Task objective ▸ Could you count the lines below that include the word "else" and give only the number?

Exercise material ▸

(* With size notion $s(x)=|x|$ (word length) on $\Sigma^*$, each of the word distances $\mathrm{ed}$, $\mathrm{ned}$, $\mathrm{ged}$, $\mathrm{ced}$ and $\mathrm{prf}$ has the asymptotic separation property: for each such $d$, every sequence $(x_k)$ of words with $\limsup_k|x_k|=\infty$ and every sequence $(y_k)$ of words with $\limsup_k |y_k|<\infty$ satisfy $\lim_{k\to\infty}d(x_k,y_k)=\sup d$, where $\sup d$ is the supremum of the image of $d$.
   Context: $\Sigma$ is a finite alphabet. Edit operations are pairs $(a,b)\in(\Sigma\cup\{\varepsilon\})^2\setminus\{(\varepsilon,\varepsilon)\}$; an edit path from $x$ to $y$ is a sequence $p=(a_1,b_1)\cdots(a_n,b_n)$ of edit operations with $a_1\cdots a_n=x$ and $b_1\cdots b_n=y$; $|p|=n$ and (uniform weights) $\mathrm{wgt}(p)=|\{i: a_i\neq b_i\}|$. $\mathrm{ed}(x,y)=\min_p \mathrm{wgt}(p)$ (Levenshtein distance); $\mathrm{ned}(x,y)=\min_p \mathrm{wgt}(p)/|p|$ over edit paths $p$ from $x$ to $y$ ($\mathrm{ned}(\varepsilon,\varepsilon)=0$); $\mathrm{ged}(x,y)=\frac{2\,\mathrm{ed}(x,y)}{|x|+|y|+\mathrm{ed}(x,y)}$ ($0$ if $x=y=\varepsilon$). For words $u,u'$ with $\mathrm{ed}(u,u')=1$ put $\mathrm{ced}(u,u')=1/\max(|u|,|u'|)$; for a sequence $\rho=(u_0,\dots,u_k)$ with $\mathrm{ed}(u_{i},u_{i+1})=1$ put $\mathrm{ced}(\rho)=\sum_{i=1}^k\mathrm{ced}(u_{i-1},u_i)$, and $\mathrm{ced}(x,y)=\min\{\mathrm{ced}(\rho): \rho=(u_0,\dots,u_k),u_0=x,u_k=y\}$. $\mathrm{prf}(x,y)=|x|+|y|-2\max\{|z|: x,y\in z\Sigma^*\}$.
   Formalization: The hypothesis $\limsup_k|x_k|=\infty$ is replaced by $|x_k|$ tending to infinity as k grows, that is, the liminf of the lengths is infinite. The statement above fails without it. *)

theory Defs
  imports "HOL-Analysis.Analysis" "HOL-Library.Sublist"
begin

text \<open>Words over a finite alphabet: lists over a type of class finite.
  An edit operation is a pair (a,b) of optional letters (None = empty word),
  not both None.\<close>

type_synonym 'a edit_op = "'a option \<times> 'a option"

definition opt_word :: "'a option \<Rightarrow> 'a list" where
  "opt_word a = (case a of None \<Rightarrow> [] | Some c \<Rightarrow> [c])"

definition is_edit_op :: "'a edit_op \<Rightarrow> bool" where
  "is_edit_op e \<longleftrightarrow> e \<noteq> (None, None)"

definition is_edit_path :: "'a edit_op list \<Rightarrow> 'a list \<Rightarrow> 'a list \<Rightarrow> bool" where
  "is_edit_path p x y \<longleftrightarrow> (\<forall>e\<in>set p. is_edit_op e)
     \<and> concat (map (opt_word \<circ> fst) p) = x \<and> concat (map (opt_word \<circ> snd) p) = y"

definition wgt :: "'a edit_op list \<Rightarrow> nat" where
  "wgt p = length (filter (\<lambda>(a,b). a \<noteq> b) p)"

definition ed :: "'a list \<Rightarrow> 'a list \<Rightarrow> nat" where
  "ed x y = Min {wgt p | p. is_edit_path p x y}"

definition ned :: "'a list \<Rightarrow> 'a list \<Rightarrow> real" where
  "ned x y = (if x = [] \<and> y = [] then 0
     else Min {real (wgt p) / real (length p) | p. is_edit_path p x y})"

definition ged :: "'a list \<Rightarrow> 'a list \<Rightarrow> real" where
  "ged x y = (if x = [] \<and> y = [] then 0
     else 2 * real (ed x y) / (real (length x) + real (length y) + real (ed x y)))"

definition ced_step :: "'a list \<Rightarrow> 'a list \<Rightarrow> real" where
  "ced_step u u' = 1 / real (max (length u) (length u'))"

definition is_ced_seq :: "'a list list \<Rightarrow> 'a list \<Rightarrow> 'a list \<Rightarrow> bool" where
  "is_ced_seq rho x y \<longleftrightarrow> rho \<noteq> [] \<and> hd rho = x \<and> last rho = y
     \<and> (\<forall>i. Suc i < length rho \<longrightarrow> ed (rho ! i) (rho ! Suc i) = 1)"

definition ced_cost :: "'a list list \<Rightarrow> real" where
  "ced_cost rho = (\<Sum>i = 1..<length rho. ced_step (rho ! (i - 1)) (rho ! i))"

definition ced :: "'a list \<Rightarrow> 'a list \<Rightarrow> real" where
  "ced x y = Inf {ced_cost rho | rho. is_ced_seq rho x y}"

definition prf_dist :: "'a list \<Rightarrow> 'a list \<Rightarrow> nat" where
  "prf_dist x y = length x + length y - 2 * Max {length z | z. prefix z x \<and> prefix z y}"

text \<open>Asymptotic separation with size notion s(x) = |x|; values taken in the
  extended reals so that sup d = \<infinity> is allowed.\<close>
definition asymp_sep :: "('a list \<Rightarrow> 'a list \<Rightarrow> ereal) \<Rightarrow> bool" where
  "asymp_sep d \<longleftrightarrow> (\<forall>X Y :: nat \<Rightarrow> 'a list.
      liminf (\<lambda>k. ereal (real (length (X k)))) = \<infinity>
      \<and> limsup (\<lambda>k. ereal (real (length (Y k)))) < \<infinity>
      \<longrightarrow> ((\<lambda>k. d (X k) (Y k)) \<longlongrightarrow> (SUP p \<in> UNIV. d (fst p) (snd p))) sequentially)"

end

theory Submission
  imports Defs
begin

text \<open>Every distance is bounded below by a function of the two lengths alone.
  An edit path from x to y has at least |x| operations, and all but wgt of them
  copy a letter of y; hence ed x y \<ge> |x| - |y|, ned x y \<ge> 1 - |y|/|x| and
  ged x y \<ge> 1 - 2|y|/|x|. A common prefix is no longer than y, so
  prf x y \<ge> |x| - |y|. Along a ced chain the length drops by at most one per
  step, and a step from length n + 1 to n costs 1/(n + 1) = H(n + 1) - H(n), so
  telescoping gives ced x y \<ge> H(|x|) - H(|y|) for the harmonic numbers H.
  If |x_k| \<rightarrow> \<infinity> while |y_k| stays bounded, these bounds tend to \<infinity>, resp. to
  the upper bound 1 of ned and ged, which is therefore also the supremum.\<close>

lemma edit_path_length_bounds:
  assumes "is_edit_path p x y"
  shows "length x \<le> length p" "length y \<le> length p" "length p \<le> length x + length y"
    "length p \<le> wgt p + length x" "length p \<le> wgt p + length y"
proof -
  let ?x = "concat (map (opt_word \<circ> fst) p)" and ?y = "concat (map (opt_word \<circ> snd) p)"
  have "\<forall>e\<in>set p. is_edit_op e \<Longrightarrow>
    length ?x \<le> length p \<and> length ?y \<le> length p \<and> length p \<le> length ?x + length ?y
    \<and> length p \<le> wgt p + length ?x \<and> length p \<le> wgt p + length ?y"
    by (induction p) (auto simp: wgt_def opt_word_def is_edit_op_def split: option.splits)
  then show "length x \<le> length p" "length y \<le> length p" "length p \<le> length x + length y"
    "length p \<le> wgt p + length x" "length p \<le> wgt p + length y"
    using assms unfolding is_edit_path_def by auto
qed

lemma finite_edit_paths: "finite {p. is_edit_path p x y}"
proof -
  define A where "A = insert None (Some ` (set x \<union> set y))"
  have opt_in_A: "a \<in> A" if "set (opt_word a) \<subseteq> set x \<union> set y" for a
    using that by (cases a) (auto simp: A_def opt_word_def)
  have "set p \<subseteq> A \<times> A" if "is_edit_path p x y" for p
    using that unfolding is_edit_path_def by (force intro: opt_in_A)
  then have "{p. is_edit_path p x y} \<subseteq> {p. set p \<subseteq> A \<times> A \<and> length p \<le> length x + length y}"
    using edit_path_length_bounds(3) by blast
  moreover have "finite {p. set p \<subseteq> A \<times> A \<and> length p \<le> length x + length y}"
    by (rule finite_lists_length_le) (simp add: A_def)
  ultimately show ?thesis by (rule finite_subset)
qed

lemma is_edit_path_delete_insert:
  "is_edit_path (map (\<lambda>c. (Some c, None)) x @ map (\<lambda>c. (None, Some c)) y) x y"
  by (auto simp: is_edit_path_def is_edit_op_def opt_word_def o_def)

Completed exercise ▸ 2